## Task directions
Beginning with the line that holds "poly_total_deg_le k q \<and>", write out the remaining lines of the material exactly, the last line included.

==========

lemma poly_total_deg_le_add:
  assumes "poly_total_deg_le k p" "poly_total_deg_le k q"
  shows "poly_total_deg_le k (\<lambda>x. p x + q x)"
proof -
  obtain c where c: "\<And>x. p x = (\<Sum>\<alpha>\<in>exponents_le k. c \<alpha> * monom \<alpha> x)"
    using assms(1) unfolding poly_total_deg_le_def by blast
  obtain d where d: "\<And>x. q x = (\<Sum>\<alpha>\<in>exponents_le k. d \<alpha> * monom \<alpha> x)"
    using assms(2) unfolding poly_total_deg_le_def by blast
  from c d have "p x + q x = (\<Sum>\<alpha>\<in>exponents_le k. (c \<alpha> + d \<alpha>) * monom \<alpha> x)" for x
    by (simp add: sum.distrib distrib_right)
  then show ?thesis
    unfolding poly_total_deg_le_def by (intro exI[of _ "\<lambda>\<alpha>. c \<alpha> + d \<alpha>"] allI)
qed

lemma poly_total_deg_le_cmult:
  assumes "poly_total_deg_le k p"
  shows "poly_total_deg_le k (\<lambda>x. r * p x)"
proof -
  obtain c where "\<And>x. p x = (\<Sum>\<alpha>\<in>exponents_le k. c \<alpha> * monom \<alpha> x)"
    using assms unfolding poly_total_deg_le_def by blast
  then have "r * p x = (\<Sum>\<alpha>\<in>exponents_le k. (r * c \<alpha>) * monom \<alpha> x)" for x
    by (simp add: sum_distrib_left mult.assoc)
  then show ?thesis
    unfolding poly_total_deg_le_def by (intro exI[of _ "\<lambda>\<alpha>. r * c \<alpha>"] allI)
qed

lemma poly_total_deg_le_sum:
  fixes F :: "'s \<Rightarrow> real^'m \<Rightarrow> real"
  assumes "finite S" "\<And>s. s \<in> S \<Longrightarrow> poly_total_deg_le k (F s)"
  shows "poly_total_deg_le k (\<lambda>x. \<Sum>s\<in>S. F s x)"
  using assms
proof (induction S rule: finite_induct)
  case empty
  have "poly_total_deg_le k (\<lambda>x::real^'m. 0)"
    unfolding poly_total_deg_le_def by (rule exI[of _ "\<lambda>_. 0"]) simp
  then show ?case by simp
next
  case (insert a S)
  then show ?case
    using poly_total_deg_le_add[of k "F a" "\<lambda>x. \<Sum>s\<in>S. F s x"] by simp
qed

lemma poly_total_deg_le_monom:
  assumes "mdeg \<beta> \<le> k"
  shows "poly_total_deg_le k (monom \<beta>)"
proof -
  have "(\<Sum>\<alpha>\<in>exponents_le k. (if \<alpha> = \<beta> then 1 else 0) * monom \<alpha> x) = monom \<beta> x" for x
    using assms by (simp add: if_distrib[of "\<lambda>c. c * _"] sum.delta[OF finite_exponents_le]
                         cong: if_cong)
  then show ?thesis
    unfolding poly_total_deg_le_def by (intro exI[of _ "\<lambda>\<alpha>. if \<alpha> = \<beta> then 1 else 0"] allI) simp
qed

lemma poly_total_deg_le_const: "poly_total_deg_le 0 (\<lambda>x::real^'m. r)"
  using poly_total_deg_le_cmult[OF poly_total_deg_le_monom[of "\<lambda>_. 0" 0], of r] by simp

lemma poly_total_deg_le_mult:
  fixes p q :: "real^'m::finite \<Rightarrow> real"
  assumes "poly_total_deg_le a p" "poly_total_deg_le b q"
  shows "poly_total_deg_le (a + b) (\<lambda>x. p x * q x)"
proof -
  obtain c where c: "\<And>x. p x = (\<Sum>\<alpha>\<in>exponents_le a. c \<alpha> * monom \<alpha> x)"
    using assms(1) unfolding poly_total_deg_le_def by blast
  obtain d where d: "\<And>x. q x = (\<Sum>\<beta>\<in>exponents_le b. d \<beta> * monom \<beta> x)"
    using assms(2) unfolding poly_total_deg_le_def by blast
  have monom_add: "monom \<alpha> x * monom \<beta> x = monom (\<lambda>i. \<alpha> i + \<beta> i) x" for \<alpha> \<beta> :: "'m \<Rightarrow> nat" and x
    by (simp add: power_add prod.distrib)
  have "poly_total_deg_le (a + b) (\<lambda>x. \<Sum>\<alpha>\<in>exponents_le a. \<Sum>\<beta>\<in>exponents_le b.
                                          (c \<alpha> * d \<beta>) * monom (\<lambda>i. \<alpha> i + \<beta> i) x)"
    by (intro poly_total_deg_le_sum finite_exponents_le poly_total_deg_le_cmult
          poly_total_deg_le_monom) (auto simp: sum.distrib)
  then show ?thesis
    unfolding c d by (simp add: sum_product monom_add[symmetric] mult_ac)
qed

lemma poly_total_deg_le_linear:
  fixes f :: "real^'m \<Rightarrow> real"
  assumes "linear f"
  shows "poly_total_deg_le 1 f"
proof -
  define e where "e i = (\<lambda>j. if j = i then 1 else 0 :: nat)" for i :: 'm
  have monom_e: "monom (e i) x = x $ i" for i x
    by (simp add: e_def if_distrib prod.delta cong: if_cong)
  have "f = (\<lambda>x. \<Sum>i\<in>UNIV. f (axis i 1) * monom (e i) x)"
  proof
    fix x
    have "f x = f (\<Sum>i\<in>UNIV. x $ i *\<^sub>R axis i 1)"
      using basis_expansion[of x] by (simp add: scalar_mult_eq_scaleR)
    then show "f x = (\<Sum>i\<in>UNIV. f (axis i 1) * monom (e i) x)"
      using assms by (simp add: linear_sum linear_scale monom_e mult.commute)
  qed
  moreover have "poly_total_deg_le 1 (\<lambda>x. \<Sum>i\<in>UNIV. f (axis i 1) * monom (e i) x)"
    by (intro poly_total_deg_le_sum poly_total_deg_le_cmult poly_total_deg_le_monom)
       (auto simp: e_def sum.delta)
  ultimately show ?thesis
    by simp
qed

lemma real_polynomial_function_imp_poly_total_deg_le:
  fixes p :: "real^'m \<Rightarrow> real"
  assumes "real_polynomial_function p"
  shows "\<exists>k. poly_total_deg_le k p"
  using assms
proof (induction rule: real_polynomial_function.induct)
  case (linear f)
  then show ?case using poly_total_deg_le_linear bounded_linear.linear by blast
next
  case (const c)
  then show ?case using poly_total_deg_le_const by blast
next
  case (add f g)
  then obtain a b where "poly_total_deg_le a f" "poly_total_deg_le b g" by blast
  then have "poly_total_deg_le (max a b) f" "poly_total_deg_le (max a b) g"
    by (auto intro: poly_total_deg_le_mono)
  then show ?case
    using poly_total_deg_le_add by blast
next
  case (mult f g)
  then show ?case using poly_total_deg_le_mult by blast
qed

theorem mainTheorem2:
  fixes C :: "(real^'m) set" and f :: "real^'m \<Rightarrow> real" and \<epsilon> :: real
  assumes "compact C" and "continuous_on C f" and "\<epsilon> > 0"
  shows "(\<exists>N::nat. N > 0 \<and> (\<exists>u. \<forall>x\<in>C. \<bar>f x - ridge_prod_poly N u x\<bar> < \<epsilon>))
       \<and> (\<forall>(k::nat) (q :: real^'m \<Rightarrow> real).
            poly_total_deg_le k q \<and> (\<forall>x\<in>C. \<bar>f x - q x\<bar> < \<epsilon>) \<longrightarrow>
            (\<exists>u. \<forall>x\<in>C. \<bar>f x - ridge_prod_poly (\<Sum>i=0..k. (CARD('m) + i - 1) choose i) u x\<bar> < \<epsilon>))"
    (is "?approx \<and> ?degree_bound")
proof
  show ?degree_bound
    using poly_total_deg_le_eq_ridge_prod_poly by metis
  obtain g where g: "polynomial_function g" "\<forall>x\<in>C. \<bar>f x - g x\<bar> < \<epsilon>"
    using Stone_Weierstrass_polynomial_function[OF assms] by auto
  then obtain k where "poly_total_deg_le k g"
    using real_polynomial_function_imp_poly_total_deg_le real_polynomial_function_eq by blast
  moreover have "(\<Sum>i=0..k. (CARD('m) + i - 1) choose i) > 0"
    by (simp add: sum_pos2[of _ 0])
  ultimately show ?approx
    using \<open>?degree_bound\<close> g(2) by blast
qed

end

==========

## Solution to this task
            poly_total_deg_le k q \<and> (\<forall>x\<in>C. \<bar>f x - q x\<bar> < \<epsilon>) \<longrightarrow>
            (\<exists>u. \<forall>x\<in>C. \<bar>f x - ridge_prod_poly (\<Sum>i=0..k. (CARD('m) + i - 1) choose i) u x\<bar> < \<epsilon>))"
    (is "?approx \<and> ?degree_bound")
proof
  show ?degree_bound
    using poly_total_deg_le_eq_ridge_prod_poly by metis
  obtain g where g: "polynomial_function g" "\<forall>x\<in>C. \<bar>f x - g x\<bar> < \<epsilon>"
    using Stone_Weierstrass_polynomial_function[OF assms] by auto
  then obtain k where "poly_total_deg_le k g"
    using real_polynomial_function_imp_poly_total_deg_le real_polynomial_function_eq by blast
  moreover have "(\<Sum>i=0..k. (CARD('m) + i - 1) choose i) > 0"
    by (simp add: sum_pos2[of _ 0])
  ultimately show ?approx
    using \<open>?degree_bound\<close> g(2) by blast
qed

end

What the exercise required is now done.